On Sat, 15 Nov 2008, Arthur Flexser wrote:
> I think the limits aren't right. Here's how I figure it:
> Since we want a <= b < c, let b=a+d1 and c=b+d2, where d1 >= 0 and d2 > 0.
> Then a+b+c=1000 is equivalent to a+(a+d1)+((a+d1)+d2)=1000, or 3a+2d1+d2=1000.
> The minimum value of d1, the difference between b and a, is 0; what is its
> maximum? For a given value of a, the maximum of d1 occurs when d2 assumes its
> minimum value of one, giving d1=(1000-3a-1)/2. So, I'd start with
> 10 FOR A=1 TO 333 (why is A=1 excluded in the original?)
> 20 BH=A+INT((1000-3*A-1)/2): A2=A*A
> 30 FOR B=A TO BH
> Since this upper limit for B guarantees that C will exceed A and B, the check in
> line 40 may be omitted.
> I see no apparent reason why B must be in the range 334 to 667, as John
> assumed. Why exclude, for example, the abc combination 200, 300, 500, which
> properly adds to 1000, from testing?
> On Fri, 14 Nov 2008, John wrote:
> > Hello all,
> > I'm sure by now many of you have seen Project Euler"at
> > http://projecteuler.net/.
> > If not, they have math problems to solve. One example is the 9th easiest:
> > Find the product of a,b,c such that a^2 + b^2 = c^2 and a+b+b=1000.

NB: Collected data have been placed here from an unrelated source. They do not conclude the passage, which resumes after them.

(* Let $A_R$ be a calibrated $R$-superalgebra with basis $B^A$ and let $e\in\mathfrak a_R$ be an idempotent such that $be=b$ or $be=0$ for every $b\in B^A$. Then $\tilde\Gamma^d(\mathrm{Col}_n(A_Re))\simeq T^A(n,d)_R\,\eta^{e^d}_{1^d,1^d}$ (even isomorphism of left $T^A(n,d)_R$-supermodules), where $\eta^{e^d}_{1^d,1^d}=(\xi^e_{1,1})^{\otimes d}$.
   Context: Let $R$ be a principal ideal domain of characteristic $0$. A calibrated $R$-supermodule is a free finite-rank $R$-supermodule $V$ with a decomposition $V_{\bar0}=V_{\mathfrak a}\oplus V_{\mathfrak c}$ into free submodules; with bases $B_{\mathfrak a},B_{\mathfrak c},B_{\bar1}$ and a total order on their union $B$, $\mathfrak S_d$ acts on $V^{\otimes d}$ by $(v_1\otimes\cdots\otimes v_d)^\sigma=(-1)^{\langle\sigma;\mathbf v\rangle}v_{\sigma1}\otimes\cdots\otimes v_{\sigma d}$ ($\langle\sigma;\mathbf v\rangle$ = number of $k<l$ with $\sigma^{-1}k>\sigma^{-1}l$, $v_k,v_l$ odd); for a $d$-tuple $\mathbf b$ of basis elements in which only even ones repeat, $y_{\mathbf b}=\prod_{b\in B_{\mathfrak c}}\#\{k:b_k=b\}!\cdot\sum_{\mathbf b'}(-1)^{\langle\mathbf b\rangle+\langle\mathbf b'\rangle}b'_1\otimes\cdots\otimes b'_d$ (sum over distinct place-permutations $\mathbf b'$; $\langle\mathbf b\rangle$ = number of $k<l$ with $b_k,b_l$ odd, $b_k>b_l$), and $\tilde\Gamma^dV=\mathrm{span}_R\{y_{\mathbf b}\}$. A calibrated $R$-superalgebra is a free finite-rank $R$-superalgebra $A_R$ with $A_{R,\bar0}=\mathfrak a_R\oplus\mathfrak c_R$ (free), $\mathfrak a_R$ a unital subalgebra, with bases $B^A_{\mathfrak a},B^A_{\mathfrak c},B^A_{\bar1}$, $B^A$ their union. $M_n(A_R)$ is the matrix superalgebra with basis $\xi^b_{r,s}$ ($b\in B^A$ in position $(r,s)$), calibrated by $M_n(\mathfrak a_R)$, $M_n(\mathfrak c_R)$; $T^A(n,d)_R=\tilde\Gamma^dM_n(A_R)$, a unital subsuperalgebra of $M_n(A_R)^{\otimes d}$ (Koszul sign product). For a calibrated $A_R$-supermodule $V$ (i.e. $\mathfrak a_RV_{\mathfrak a}\subseteq V_{\mathfrak a}$), $\mathrm{Col}_n(V)=V^{\oplus n}$ (column vectors) is a left $M_n(A_R)$-supermodule, calibrated by $\mathrm{Col}_n(V_{\mathfrak a})$, $\mathrm{Col}_n(V_{\mathfrak c})$, and $\tilde\Gamma^d\mathrm{Col}_n(V)$ is a left $T^A(n,d)_R$-supermodule via the natural (Koszul-signed) action of $M_n(A_R)^{\otimes d}$ on $\mathrm{Col}_n(V)^{\otimes d}$. Here $A_Re$ is calibrated with $(A_Re)_{\mathfrak a}=\mathfrak a_Re$, $(A_Re)_{\mathfrak c}=\mathfrak c_Re$. *)

theory Defs
  imports Main "HOL-Library.Multiset" "HOL-Library.Product_Lexorder"
begin

definition is_ideal :: "'r::comm_ring_1 set \<Rightarrow> bool" where
  "is_ideal I \<longleftrightarrow> 0 \<in> I \<and> (\<forall>x\<in>I. \<forall>y\<in>I. x + y \<in> I) \<and> (\<forall>x\<in>I. \<forall>r. r * x \<in> I)"

definition principal_ideal_ring :: "'r::comm_ring_1 itself \<Rightarrow> bool" where
  "principal_ideal_ring _ \<longleftrightarrow> (\<forall>I::'r set. is_ideal I \<longrightarrow> (\<exists>a. I = {r * a | r. True}))"

section \<open>Calibrated superalgebras in coordinates (basis B^A = Ba \<union> Bc \<union> B1, structure constants m)\<close>

definition bvec :: "'b \<Rightarrow> 'b \<Rightarrow> 'r::zero_neq_one" where
  "bvec b = (\<lambda>c. if c = b then 1 else 0)"

definition amul :: "'b set \<Rightarrow> ('b \<Rightarrow> 'b \<Rightarrow> 'b \<Rightarrow> 'r::comm_ring_1) \<Rightarrow> ('b \<Rightarrow> 'r) \<Rightarrow> ('b \<Rightarrow> 'r) \<Rightarrow> ('b \<Rightarrow> 'r)" where
  "amul BA m x y = (\<lambda>c. \<Sum>a\<in>BA. \<Sum>b\<in>BA. x a * y b * m a b c)"

definition calibrated_superalgebra ::
  "'b set \<Rightarrow> 'b set \<Rightarrow> 'b set \<Rightarrow> ('b \<Rightarrow> 'b \<Rightarrow> 'b \<Rightarrow> 'r::comm_ring_1) \<Rightarrow> ('b \<Rightarrow> 'r) \<Rightarrow> bool" where
  "calibrated_superalgebra Ba Bc B1 m one \<longleftrightarrow>
     finite (Ba \<union> Bc \<union> B1) \<and> Ba \<inter> Bc = {} \<and> Ba \<inter> B1 = {} \<and> Bc \<inter> B1 = {} \<and>
     (\<forall>a\<in>Ba \<union> Bc \<union> B1. \<forall>b\<in>Ba \<union> Bc \<union> B1. \<forall>c. m a b c \<noteq> 0 \<longrightarrow>
         c \<in> Ba \<union> Bc \<union> B1 \<and> (c \<in> B1 \<longleftrightarrow> (a \<in> B1 \<longleftrightarrow> b \<notin> B1))) \<and>
     (\<forall>a\<in>Ba \<union> Bc \<union> B1. \<forall>b\<in>Ba \<union> Bc \<union> B1. \<forall>c\<in>Ba \<union> Bc \<union> B1.
         amul (Ba \<union> Bc \<union> B1) m (amul (Ba \<union> Bc \<union> B1) m (bvec a) (bvec b)) (bvec c)
       = amul (Ba \<union> Bc \<union> B1) m (bvec a) (amul (Ba \<union> Bc \<union> B1) m (bvec b) (bvec c))) \<and>
     (\<forall>b\<in>Ba \<union> Bc \<union> B1. amul (Ba \<union> Bc \<union> B1) m one (bvec b) = bvec b
                        \<and> amul (Ba \<union> Bc \<union> B1) m (bvec b) one = bvec b) \<and>
     (\<forall>c. c \<notin> Ba \<longrightarrow> one c = 0) \<and>
     (\<forall>a\<in>Ba. \<forall>b\<in>Ba. \<forall>c. m a b c \<noteq> 0 \<longrightarrow> c \<in> Ba)"

section \<open>Tensor powers in coordinates: an element of V^{\<otimes>d} is a function on d-tuples (lists) of basis elements\<close>

definition lists_of :: "'x set \<Rightarrow> nat \<Rightarrow> 'x list set" where
  "lists_of X d = {xs. set xs \<subseteq> X \<and> length xs = d}"

definition inv_count :: "('x::linorder \<Rightarrow> bool) \<Rightarrow> 'x list \<Rightarrow> nat" where
  "inv_count pr bs = card {(k, l). k < l \<and> l < length bs \<and> pr (bs ! k) \<and> pr (bs ! l) \<and> bs ! k > bs ! l}"

definition admissible :: "('x \<Rightarrow> bool) \<Rightarrow> 'x set \<Rightarrow> nat \<Rightarrow> 'x list \<Rightarrow> bool" where
  "admissible pr X d bs \<longleftrightarrow> bs \<in> lists_of X d \<and>
     (\<forall>k<d. \<forall>l<d. k \<noteq> l \<and> pr (bs ! k) \<longrightarrow> bs ! k \<noteq> bs ! l)"

text \<open>pr = "is odd", isc = "lies in B_c".\<close>
definition yvec :: "('x::linorder \<Rightarrow> bool) \<Rightarrow> ('x \<Rightarrow> bool) \<Rightarrow> 'x list \<Rightarrow> 'x list \<Rightarrow> 'r::comm_ring_1" where
  "yvec pr isc bs = (\<lambda>bs'. if mset bs' = mset bs
      then of_nat (\<Prod>b\<in>{b\<in>set bs. isc b}. fact (count (mset bs) b))
           * (-1) ^ (inv_count pr bs + inv_count pr bs')
      else 0)"

definition Gamma_tilde :: "('x::linorder \<Rightarrow> bool) \<Rightarrow> ('x \<Rightarrow> bool) \<Rightarrow> 'x set \<Rightarrow> nat \<Rightarrow> ('x list \<Rightarrow> 'r::comm_ring_1) set" where
  "Gamma_tilde pr isc X d =
     {(\<lambda>w. \<Sum>bs\<in>{bs. admissible pr X d bs}. c bs * yvec pr isc bs w) | c. True}"

definition ksign :: "('x \<Rightarrow> bool) \<Rightarrow> ('y \<Rightarrow> bool) \<Rightarrow> 'x list \<Rightarrow> 'y list \<Rightarrow> 'r::comm_ring_1" where
  "ksign p q xs ys = (-1) ^ card {(l, k). l < k \<and> k < length xs \<and> p (xs ! k) \<and> q (ys ! l)}"

definition homog :: "('x \<Rightarrow> bool) \<Rightarrow> bool \<Rightarrow> ('x list \<Rightarrow> 'r::zero) \<Rightarrow> bool" where
  "homog pr p x \<longleftrightarrow> (\<forall>w. x w \<noteq> 0 \<longrightarrow> odd (length (filter pr w)) = p)"

section \<open>Matrix superalgebra M_n(A): basis xi^b_{r,s} = (b,r,s); column module Col_n(V): basis (b,r)\<close>

definition Mbasis :: "'b set \<Rightarrow> nat \<Rightarrow> ('b \<times> nat \<times> nat) set" where
  "Mbasis BA n = {(b, r, s). b \<in> BA \<and> r \<in> {1..n} \<and> s \<in> {1..n}}"

definition oddM :: "'b set \<Rightarrow> 'b \<times> nat \<times> nat \<Rightarrow> bool" where
  "oddM B1 = (\<lambda>(a, _, _). a \<in> B1)"

definition oddC :: "'b set \<Rightarrow> 'b \<times> nat \<Rightarrow> bool" where
  "oddC B1 = (\<lambda>(a, _). a \<in> B1)"

definition TA :: "'b::linorder set \<Rightarrow> 'b set \<Rightarrow> 'b set \<Rightarrow> nat \<Rightarrow> nat \<Rightarrow> (('b \<times> nat \<times> nat) list \<Rightarrow> 'r::comm_ring_1) set" where
  "TA Ba Bc B1 n d = Gamma_tilde (oddM B1) (\<lambda>(a, _, _). a \<in> Bc) (Mbasis (Ba \<union> Bc \<union> B1) n) d"

text \<open>Koszul-signed product in M_n(A)^{\<otimes>d}\<close>
definition Mtensor_mul ::
  "'b set \<Rightarrow> 'b set \<Rightarrow> ('b \<Rightarrow> 'b \<Rightarrow> 'b \<Rightarrow> 'r::comm_ring_1) \<Rightarrow> nat \<Rightarrow> nat
   \<Rightarrow> (('b \<times> nat \<times> nat) list \<Rightarrow> 'r) \<Rightarrow> (('b \<times> nat \<times> nat) list \<Rightarrow> 'r) \<Rightarrow> (('b \<times> nat \<times> nat) list \<Rightarrow> 'r)" where
  "Mtensor_mul BA B1 m n d X Y = (\<lambda>ws. if length ws = d then
     (\<Sum>xs\<in>lists_of (Mbasis BA n) d. \<Sum>ys\<in>lists_of (Mbasis BA n) d.
        X xs * Y ys * ksign (oddM B1) (oddM B1) xs ys *
        (\<Prod>k<d. case (xs ! k, ys ! k, ws ! k) of ((a, r, s), (a', r', s'), (c, r'', s'')) \<Rightarrow>
            if s = r' \<and> r'' = r \<and> s'' = s' then m a a' c else 0))
     else 0)"

text \<open>Koszul-signed action of M_n(A)^{\<otimes>d} on Col_n(A)^{\<otimes>d}\<close>
definition col_act ::
  "'b set \<Rightarrow> 'b set \<Rightarrow> ('b \<Rightarrow> 'b \<Rightarrow> 'b \<Rightarrow> 'r::comm_ring_1) \<Rightarrow> nat \<Rightarrow> nat
   \<Rightarrow> (('b \<times> nat \<times> nat) list \<Rightarrow> 'r) \<Rightarrow> (('b \<times> nat) list \<Rightarrow> 'r) \<Rightarrow> (('b \<times> nat) list \<Rightarrow> 'r)" where
  "col_act BA B1 m n d X Y = (\<lambda>ws. if length ws = d then
     (\<Sum>xs\<in>lists_of (Mbasis BA n) d. \<Sum>vs\<in>lists_of (BA \<times> {1..n}) d.
        X xs * Y vs * ksign (oddM B1) (oddC B1) xs vs *
        (\<Prod>k<d. case (xs ! k, vs ! k, ws ! k) of ((a, r, s), (b, t), (c, r')) \<Rightarrow>
            if s = t \<and> r' = r then m a b c else 0))
     else 0)"
text \<open>A partial recursive function of arity n is modelled as a map on nat lists
(only its values on lists of length n matter).\<close>

fun prec :: "(nat list \<Rightarrow> nat option) \<Rightarrow> (nat list \<Rightarrow> nat option) \<Rightarrow> nat \<Rightarrow> nat list \<Rightarrow> nat option" where
  "prec f g 0 xs = f xs"
| "prec f g (Suc y) xs = (case prec f g y xs of None \<Rightarrow> None | Some r \<Rightarrow> g (y # r # xs))"

inductive partrec :: "nat \<Rightarrow> (nat list \<Rightarrow> nat option) \<Rightarrow> bool" where
  pr_zero: "partrec n (\<lambda>_. Some 0)"
| pr_succ: "partrec 1 (\<lambda>xs. Some (Suc (hd xs)))"
| pr_proj: "i < n \<Longrightarrow> partrec n (\<lambda>xs. Some (xs ! i))"
| pr_comp: "partrec m f \<Longrightarrow> length gs = m \<Longrightarrow> (\<forall>g\<in>set gs. partrec n g) \<Longrightarrow>
     partrec n (\<lambda>xs. if (\<forall>g\<in>set gs. g xs \<noteq> None) then f (map (\<lambda>g. the (g xs)) gs) else None)"
| pr_prim: "partrec n f \<Longrightarrow> partrec (n + 2) g \<Longrightarrow>
     partrec (n + 1) (\<lambda>xs. prec f g (hd xs) (tl xs))"
| pr_mu: "partrec (n + 1) f \<Longrightarrow>
     partrec n (\<lambda>xs. if (\<exists>y. f (y # xs) = Some 0 \<and> (\<forall>z<y. \<exists>v. f (z # xs) = Some (Suc v)))
                     then Some (LEAST y. f (y # xs) = Some 0 \<and> (\<forall>z<y. \<exists>v. f (z # xs) = Some (Suc v)))
                     else None)"
text \<open>By (1Q) the pair (A0, x0) represents Q: evaluation at x0 is a bijection
  from Hom(A0, A) onto Q(A), naturally in A. Faithfulness turns surjectivity or
  injectivity of Q(\<mu>) into cancellability of \<mu>; conversely, cancelling \<mu> on the
  representing morphisms of two points shows that a monomorphism is injective.
  An automorphism \<Phi> preserves epimorphisms, so the epimorphism onto A0 supplied by
  (2Q) for \<Phi>\<inverse>(A0) is carried to an epimorphism A0 \<rightarrow> \<Phi>(A0). If such an \<eta> is
  invertible, the chain of bijections
  Q(A) \<cong> Hom(A0, A) \<cong> Hom(\<Phi> A0, \<Phi> A) \<cong> Hom(A0, \<Phi> A) \<cong> Q(\<Phi> A),
  the third one being precomposition with \<eta>, is natural in A and witnesses
  that \<Phi> is potentially inner.\<close>

locale valid_category =
  fixes C :: "('o, 'm) category"
  assumes category: "is_category C"
begin

lemma hom_Ob: "f \<in> hom C A B \<Longrightarrow> A \<in> Ob C \<and> B \<in> Ob C"
  using category unfolding is_category_def hom_def by auto

lemma comp_in_hom: "f \<in> hom C A B \<Longrightarrow> g \<in> hom C B D \<Longrightarrow> comp C g f \<in> hom C A D"
  using category unfolding is_category_def hom_def by auto

lemma comp_hom_assoc:
  "f \<in> hom C A B \<Longrightarrow> g \<in> hom C B D \<Longrightarrow> h \<in> hom C D E \<Longrightarrow>
    comp C h (comp C g f) = comp C (comp C h g) f"
  using category unfolding is_category_def hom_def by auto

lemma comp_idm_right: "f \<in> hom C A B \<Longrightarrow> comp C f (idm C A) = f"
  using category unfolding is_category_def hom_def by auto
(* Let $G$ be a finitely generated group and let $S$ and $S'$ be finite generating sets of $G$, each closed under inverses. Then there is a constant $K$ such that $\Delta_S(n)\le K\,\Delta_{S'}(Kn)+K$ for all $n\ge1$.
   Context: For a finite generating set $T$ of $G$ closed under inverses, $\Gamma_T$ is the Cayley diagram (edge labelled $t$ from $g$ to $gt$), with word metric $d_T(g,g')$ = length of a shortest word in $T$ representing $g^{-1}g'$. A cycle of length $n\ge1$ in $\Gamma_T$ is a sequence $g_0,\dots,g_n$ in $G$ with an edge from each $g_{i-1}$ to $g_i$ and $g_n=g_0$. A (diagonal) triangulation of a circle: distinguish one or more points on the circle and join some of them by chords such that no two chords meet in the interior, the interior is divided into triangles, and each arc between neighbouring distinguished points is a side of a triangle; circles with at most three distinguished points count as triangulated with no chords. A triangulation of the cycle $g_0,\dots,g_n$ is such a triangulation of a circle with distinguished points $p_1,\dots,p_n$ labelled $g_1,\dots,g_n$ counterclockwise; a chord from $p_i$ to $p_j$ has length $d_T(g_i,g_j)$; a $k$-triangulation has all chord lengths $\le k$. $\Delta_T(n)$ is the least $k$ such that every cycle of length at most $n$ in $\Gamma_T$ has a $k$-triangulation. *)

theory Defs
  imports "HOL-Algebra.Group" "HOL-Algebra.Generated_Groups"
begin

definition word_prod :: "('a, 'b) monoid_scheme \<Rightarrow> 'a list \<Rightarrow> 'a" where
  "word_prod G w = foldr (\<lambda>t acc. t \<otimes>\<^bsub>G\<^esub> acc) w \<one>\<^bsub>G\<^esub>"

definition word_dist :: "('a, 'b) monoid_scheme \<Rightarrow> 'a set \<Rightarrow> 'a \<Rightarrow> 'a \<Rightarrow> nat" where
  "word_dist G T g g' =
     (LEAST n. \<exists>w. set w \<subseteq> T \<and> length w = n \<and> word_prod G w = inv\<^bsub>G\<^esub> g \<otimes>\<^bsub>G\<^esub> g')"

definition cayley_cycle :: "('a, 'b) monoid_scheme \<Rightarrow> 'a set \<Rightarrow> (nat \<Rightarrow> 'a) \<Rightarrow> nat \<Rightarrow> bool" where
  "cayley_cycle G T g n \<longleftrightarrow> 1 \<le> n \<and> (\<forall>i\<le>n. g i \<in> carrier G) \<and>
     (\<forall>i\<in>{1..n}. \<exists>t\<in>T. g i = g (i - 1) \<otimes>\<^bsub>G\<^esub> t) \<and> g n = g 0"

text \<open>Diagonal triangulations of the polygon with consecutive vertices i, i+1, ..., j,
  whose side (i,j) is already present (as an arc or as a chord drawn before).
  The set D is the set of chords (i',j') with i' < j'.  The polygon is split by the
  triangle (i,k,j) containing the side (i,j); sides of that triangle that are not arcs
  between neighbouring points are chords.\<close>
inductive poly_tri :: "nat \<Rightarrow> nat \<Rightarrow> (nat \<times> nat) set \<Rightarrow> bool" where
  small: "j \<le> Suc i \<Longrightarrow> poly_tri i j {}"
| split: "i < k \<Longrightarrow> k < j \<Longrightarrow> poly_tri i k D1 \<Longrightarrow> poly_tri k j D2 \<Longrightarrow>
     poly_tri i j (D1 \<union> D2 \<union> (if Suc i < k then {(i, k)} else {})
                          \<union> (if Suc k < j then {(k, j)} else {}))"

text \<open>A triangulation of a circle with distinguished points p_1, ..., p_n (counterclockwise):
  chord sets D with poly_tri 1 n D.  (For n \<le> 3 this forces D = {}.)\<close>
definition circle_triangulation :: "nat \<Rightarrow> (nat \<times> nat) set \<Rightarrow> bool" where
  "circle_triangulation n D \<longleftrightarrow> poly_tri 1 n D"

definition has_k_triangulation ::
  "('a, 'b) monoid_scheme \<Rightarrow> 'a set \<Rightarrow> (nat \<Rightarrow> 'a) \<Rightarrow> nat \<Rightarrow> nat \<Rightarrow> bool" where
  "has_k_triangulation G T g n k \<longleftrightarrow>
     (\<exists>D. circle_triangulation n D \<and> (\<forall>(i, j)\<in>D. word_dist G T (g i) (g j) \<le> k))"

definition Delta :: "('a, 'b) monoid_scheme \<Rightarrow> 'a set \<Rightarrow> nat \<Rightarrow> nat" where
  "Delta G T n = (LEAST k. \<forall>g m. m \<le> n \<longrightarrow> cayley_cycle G T g m \<longrightarrow> has_k_triangulation G T g m k)"

end

theory Submission
  imports Defs
begin

text \<open>Subdivide every edge of a cycle of length at most n in the Cayley graph of S into a
  nonempty S'-word of length at most L.  This gives a cycle of length at most L n in the
  Cayley graph of S', which has a triangulation whose chords have S'-length at most
  Delta_{S'}(L n).  Sending each vertex of the subdivided cycle to the endpoint of the S-edge it lies
  on is monotone and advances by at most one step, so it maps this triangulation onto a
  triangulation of the original cycle, degenerate triangles collapsing.  Every chord of the
  image joins two vertices within S'-distance L of the ends of a chord or side of the fine
  triangulation, so its S'-length is at most 2L + 1 + Delta_{S'}(L n), and its S-length is at most
  M times that, where M bounds the S-length of the elements of S'.\<close>

section \<open>Triangulations of polygons\<close>

lemma poly_tri_range: "poly_tri i j D \<Longrightarrow> (a, b) \<in> D \<Longrightarrow> i \<le> a \<and> a < b \<and> b \<le> j"
  by (induction rule: poly_tri.induct) (auto split: if_splits)

lemma poly_tri_exists: "\<exists>D. poly_tri i j D"
proof (induction j)
  case 0
  show ?case using poly_tri.small by blast
next
  case (Suc j)
  show ?case
  proof (cases "j \<le> i")
    case True
    then show ?thesis using poly_tri.small[of "Suc j" i] by auto
  next
    case False
    obtain D where "poly_tri i j D" using Suc.IH ..
    moreover have "poly_tri j (Suc j) {}" by (rule poly_tri.small) simp
    ultimately show ?thesis
      using poly_tri.split[of i j "Suc j"] False by (meson lessI not_le)
  qed
qed

lemma poly_tri_image:
  assumes "poly_tri i j D'" "i \<le> j" "mono_on {i..j} \<phi>"
    and "\<And>a. i \<le> a \<Longrightarrow> a < j \<Longrightarrow> \<phi> (Suc a) \<le> Suc (\<phi> a)"
  shows "\<exists>D. poly_tri (\<phi> i) (\<phi> j) D \<and>
    D \<subseteq> (\<lambda>(a, b). (\<phi> a, \<phi> b)) ` (D' \<union> {(a, Suc a) | a. i \<le> a \<and> a < j})"
  using assms
proof (induction rule: poly_tri.induct)
  case (small j i)
  then consider "j = i" | "j = Suc i" by linarith
  then have "\<phi> j \<le> Suc (\<phi> i)"
    by cases (use small.prems(3) in auto)
  then show ?case using poly_tri.small by blast
next
  case (split i k j D1 D2)
  define D where "D = D1 \<union> D2 \<union> (if Suc i < k then {(i, k)} else {})
                          \<union> (if Suc k < j then {(k, j)} else {})"
  let ?img = "\<lambda>D' i j. (\<lambda>(a, b). (\<phi> a, \<phi> b)) ` (D' \<union> {(a, Suc a) | a. i \<le> a \<and> a < j})"
  have mono: "mono_on {i..k} \<phi>" "mono_on {k..j} \<phi>"
    using split.prems(2) split.hyps(1,2) by (auto elim: mono_on_subset)
  obtain E1 where E1: "poly_tri (\<phi> i) (\<phi> k) E1" "E1 \<subseteq> ?img D1 i k"
    using split.IH(1) split.hyps(1,2) mono(1) split.prems(3) by force
  obtain E2 where E2: "poly_tri (\<phi> k) (\<phi> j) E2" "E2 \<subseteq> ?img D2 k j"
    using split.IH(2) split.hyps(1,2) mono(2) split.prems(3) by force
  have sub: "?img D1 i k \<subseteq> ?img D i j" "?img D2 k j \<subseteq> ?img D i j"
    using split.hyps(1,2) unfolding D_def by (auto 0 4)
  have sides: "(\<phi> i, \<phi> k) \<in> ?img D i j" "(\<phi> k, \<phi> j) \<in> ?img D i j"
    using split.hyps(1,2) unfolding D_def by (force split: if_splits)+
  have "\<phi> i \<le> \<phi> k" "\<phi> k \<le> \<phi> j"
    using split.prems(2) split.hyps(1,2) by (auto elim!: mono_onD)
  then consider "\<phi> i = \<phi> k" | "\<phi> k = \<phi> j" | "\<phi> i < \<phi> k" "\<phi> k < \<phi> j"
    by linarith
  then have "\<exists>E. poly_tri (\<phi> i) (\<phi> j) E \<and> E \<subseteq> ?img D i j"
  proof cases
    case 1
    then show ?thesis using E2(1) subset_trans[OF E2(2) sub(2)] by auto
  next
    case 2
    then show ?thesis using E1(1) subset_trans[OF E1(2) sub(1)] by auto
  next
    case 3
    let ?E = "E1 \<union> E2 \<union> (if Suc (\<phi> i) < \<phi> k then {(\<phi> i, \<phi> k)} else {})
                      \<union> (if Suc (\<phi> k) < \<phi> j then {(\<phi> k, \<phi> j)} else {})"
    have "poly_tri (\<phi> i) (\<phi> j) ?E"
      using poly_tri.split[OF 3 E1(1) E2(1)] .
    moreover have "?E \<subseteq> ?img D i j"
      using E1(2) E2(2) sub sides by auto
    ultimately show ?thesis by blast
  qed
  then show ?case unfolding D_def .
qed

section \<open>Reindexing along a subdivision\<close>

lemma strict_mono_on_atMost_SucI:
  fixes f :: "nat \<Rightarrow> 'a::order"
  assumes "\<And>n. n < N \<Longrightarrow> f n < f (Suc n)"
  shows "strict_mono_on {..N} f"
proof (rule strict_mono_onI)
  fix a b assume ab: "a \<in> {..N}" "b \<in> {..N}" "a < b"
  then have "{a..<b} \<subseteq> {..<N}"
    by auto
  then show "f a < f b"
    using lift_Suc_mono_less_ivl[of "{..<N}" f a b] assms ab(3) by blast
qed

text \<open>If p a is the position of the a-th vertex of a cycle after subdividing its edges, then
  upper_inverse p j is the index of the vertex that ends the subdivided edge containing position j.\<close>

definition upper_inverse :: "(nat \<Rightarrow> nat) \<Rightarrow> nat \<Rightarrow> nat" where
  "upper_inverse p j = (LEAST a. j \<le> p a)"

lemma upper_inverse_le:
  assumes "j \<le> p N"
  shows "j \<le> p (upper_inverse p j)" and "upper_inverse p j \<le> N"
  using assms unfolding upper_inverse_def by (auto intro: LeastI Least_le)

lemma upper_inverse_mono:
  assumes "j \<le> j'" "j' \<le> p N"
  shows "upper_inverse p j \<le> upper_inverse p j'"
  using assms upper_inverse_le(1)[of j' p N] unfolding upper_inverse_def[of p j]
  by (auto intro: Least_le)

lemma upper_inverse_pos:
  assumes "p 0 = 0" "0 < j" "j \<le> p N"
  shows "0 < upper_inverse p j" and "p (upper_inverse p j - 1) < j"
proof -
  show pos: "0 < upper_inverse p j"
    using assms upper_inverse_le(1)[of j p N] by (cases "upper_inverse p j") auto
  have "\<not> j \<le> p (upper_inverse p j - 1)"
    unfolding upper_inverse_def by (rule not_less_Least) (use pos in \<open>simp add: upper_inverse_def\<close>)
  then show "p (upper_inverse p j - 1) < j" by simp
qed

> > I used my Coco2 to solve this problem in 11 and a half minutes using the
> > high speed poke. At the risk of flooding the list with BASIC code, I hope
> > my short program here will spur comments and optimizations:
> > 10 FOR A = 2 TO 333
> > 20 FOR B = 334 TO 667
> > 30 C = 1000 -A -B
> > 40 IF C<A OR C<B THEN 60
> > 50 IF A*A + B*B = C*C THEN 100
> > 60 NEXT B,A
> > 100 PRINT "A="A
> > 110 PRINT "B="B
> > 120 PRINT "C="C
> > 130 PRINT "A X B X C ="A*B*C
> > For example, one optimization became clear after I had the answer. As a
> > hint, I could cut run time by about 40%...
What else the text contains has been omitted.